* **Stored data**
*** Begin section ***

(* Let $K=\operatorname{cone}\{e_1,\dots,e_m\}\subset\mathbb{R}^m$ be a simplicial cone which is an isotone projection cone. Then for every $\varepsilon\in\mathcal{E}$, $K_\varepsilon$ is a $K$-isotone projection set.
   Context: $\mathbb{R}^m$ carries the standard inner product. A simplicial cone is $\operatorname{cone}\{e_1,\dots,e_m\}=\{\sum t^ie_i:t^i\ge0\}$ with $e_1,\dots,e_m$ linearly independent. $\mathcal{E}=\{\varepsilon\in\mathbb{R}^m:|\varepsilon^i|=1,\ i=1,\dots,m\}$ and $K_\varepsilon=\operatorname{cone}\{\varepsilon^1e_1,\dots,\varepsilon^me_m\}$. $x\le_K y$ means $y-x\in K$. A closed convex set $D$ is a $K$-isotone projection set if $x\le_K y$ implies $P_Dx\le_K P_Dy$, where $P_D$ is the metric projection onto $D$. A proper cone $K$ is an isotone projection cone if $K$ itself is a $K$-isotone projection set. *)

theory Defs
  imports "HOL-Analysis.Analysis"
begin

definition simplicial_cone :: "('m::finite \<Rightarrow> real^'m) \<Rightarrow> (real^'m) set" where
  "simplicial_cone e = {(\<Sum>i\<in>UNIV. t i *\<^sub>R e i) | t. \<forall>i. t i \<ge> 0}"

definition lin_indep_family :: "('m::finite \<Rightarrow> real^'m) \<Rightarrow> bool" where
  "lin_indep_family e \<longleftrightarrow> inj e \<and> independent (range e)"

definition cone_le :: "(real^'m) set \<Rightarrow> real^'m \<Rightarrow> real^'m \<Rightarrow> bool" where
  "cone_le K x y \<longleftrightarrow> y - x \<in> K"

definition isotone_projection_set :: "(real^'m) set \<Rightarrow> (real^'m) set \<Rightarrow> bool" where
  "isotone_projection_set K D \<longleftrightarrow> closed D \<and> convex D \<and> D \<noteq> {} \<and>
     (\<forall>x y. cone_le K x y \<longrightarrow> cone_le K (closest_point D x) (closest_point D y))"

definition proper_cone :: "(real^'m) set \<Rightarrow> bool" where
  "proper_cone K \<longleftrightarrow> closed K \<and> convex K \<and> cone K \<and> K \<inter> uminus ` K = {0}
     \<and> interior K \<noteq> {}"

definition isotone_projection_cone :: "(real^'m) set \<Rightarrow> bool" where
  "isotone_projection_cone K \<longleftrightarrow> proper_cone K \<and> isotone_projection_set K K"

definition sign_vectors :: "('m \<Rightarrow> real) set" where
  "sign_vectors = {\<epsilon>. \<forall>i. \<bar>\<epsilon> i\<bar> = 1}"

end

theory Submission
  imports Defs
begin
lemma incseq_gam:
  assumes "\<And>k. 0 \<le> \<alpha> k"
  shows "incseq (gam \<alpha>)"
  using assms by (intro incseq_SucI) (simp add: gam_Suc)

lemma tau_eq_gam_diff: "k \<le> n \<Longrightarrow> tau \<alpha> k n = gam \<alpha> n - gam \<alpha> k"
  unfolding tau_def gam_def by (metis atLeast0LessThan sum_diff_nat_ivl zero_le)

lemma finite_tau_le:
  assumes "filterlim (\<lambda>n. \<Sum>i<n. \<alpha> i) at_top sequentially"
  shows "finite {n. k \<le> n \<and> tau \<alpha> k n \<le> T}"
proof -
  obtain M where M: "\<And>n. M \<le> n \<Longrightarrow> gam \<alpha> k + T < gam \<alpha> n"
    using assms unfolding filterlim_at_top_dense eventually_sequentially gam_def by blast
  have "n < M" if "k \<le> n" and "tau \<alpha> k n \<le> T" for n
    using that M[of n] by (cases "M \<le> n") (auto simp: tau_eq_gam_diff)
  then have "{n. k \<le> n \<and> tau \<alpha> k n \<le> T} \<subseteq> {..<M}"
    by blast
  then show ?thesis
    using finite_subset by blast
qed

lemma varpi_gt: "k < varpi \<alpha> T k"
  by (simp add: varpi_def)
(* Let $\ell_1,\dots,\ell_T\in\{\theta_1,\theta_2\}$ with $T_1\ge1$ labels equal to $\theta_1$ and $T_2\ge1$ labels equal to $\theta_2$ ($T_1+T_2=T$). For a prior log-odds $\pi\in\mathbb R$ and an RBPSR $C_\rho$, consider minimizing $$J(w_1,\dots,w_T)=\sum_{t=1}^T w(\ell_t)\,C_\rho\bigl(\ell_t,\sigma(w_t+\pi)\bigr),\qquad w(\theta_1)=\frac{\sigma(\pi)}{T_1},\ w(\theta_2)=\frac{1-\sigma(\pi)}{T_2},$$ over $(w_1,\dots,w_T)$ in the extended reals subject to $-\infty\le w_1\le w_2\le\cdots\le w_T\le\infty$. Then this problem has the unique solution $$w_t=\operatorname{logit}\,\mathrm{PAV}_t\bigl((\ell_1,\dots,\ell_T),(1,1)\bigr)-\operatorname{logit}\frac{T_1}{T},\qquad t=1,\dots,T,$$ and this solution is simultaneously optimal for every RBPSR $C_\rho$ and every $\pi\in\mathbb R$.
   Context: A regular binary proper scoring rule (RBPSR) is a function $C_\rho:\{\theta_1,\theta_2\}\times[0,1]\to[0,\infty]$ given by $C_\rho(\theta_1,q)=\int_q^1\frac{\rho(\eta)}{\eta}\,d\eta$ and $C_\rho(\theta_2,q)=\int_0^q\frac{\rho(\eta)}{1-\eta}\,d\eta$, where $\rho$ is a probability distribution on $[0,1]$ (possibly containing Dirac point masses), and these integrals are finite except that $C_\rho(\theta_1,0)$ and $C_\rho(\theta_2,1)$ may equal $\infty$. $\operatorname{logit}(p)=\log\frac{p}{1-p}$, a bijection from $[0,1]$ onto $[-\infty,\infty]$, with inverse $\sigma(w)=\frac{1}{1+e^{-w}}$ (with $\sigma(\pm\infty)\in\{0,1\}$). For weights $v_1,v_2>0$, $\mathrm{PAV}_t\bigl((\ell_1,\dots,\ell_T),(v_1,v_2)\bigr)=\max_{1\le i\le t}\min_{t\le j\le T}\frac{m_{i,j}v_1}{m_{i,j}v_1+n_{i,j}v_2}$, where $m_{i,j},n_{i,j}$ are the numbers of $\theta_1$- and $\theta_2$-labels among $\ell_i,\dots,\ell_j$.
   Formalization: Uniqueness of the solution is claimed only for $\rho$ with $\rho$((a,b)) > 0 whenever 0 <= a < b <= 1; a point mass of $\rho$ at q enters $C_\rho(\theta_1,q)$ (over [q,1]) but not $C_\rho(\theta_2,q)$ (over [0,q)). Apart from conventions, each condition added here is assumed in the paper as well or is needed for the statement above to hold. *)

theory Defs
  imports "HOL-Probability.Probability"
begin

*** End section ***

* **Exercise**
Check each line above for the string "lemma" and copy those that have it.

* **Task answer**
lemma incseq_gam:
lemma tau_eq_gam_diff: "k \<le> n \<Longrightarrow> tau \<alpha> k n = gam \<alpha> n - gam \<alpha> k"
lemma finite_tau_le:
lemma varpi_gt: "k < varpi \<alpha> T k"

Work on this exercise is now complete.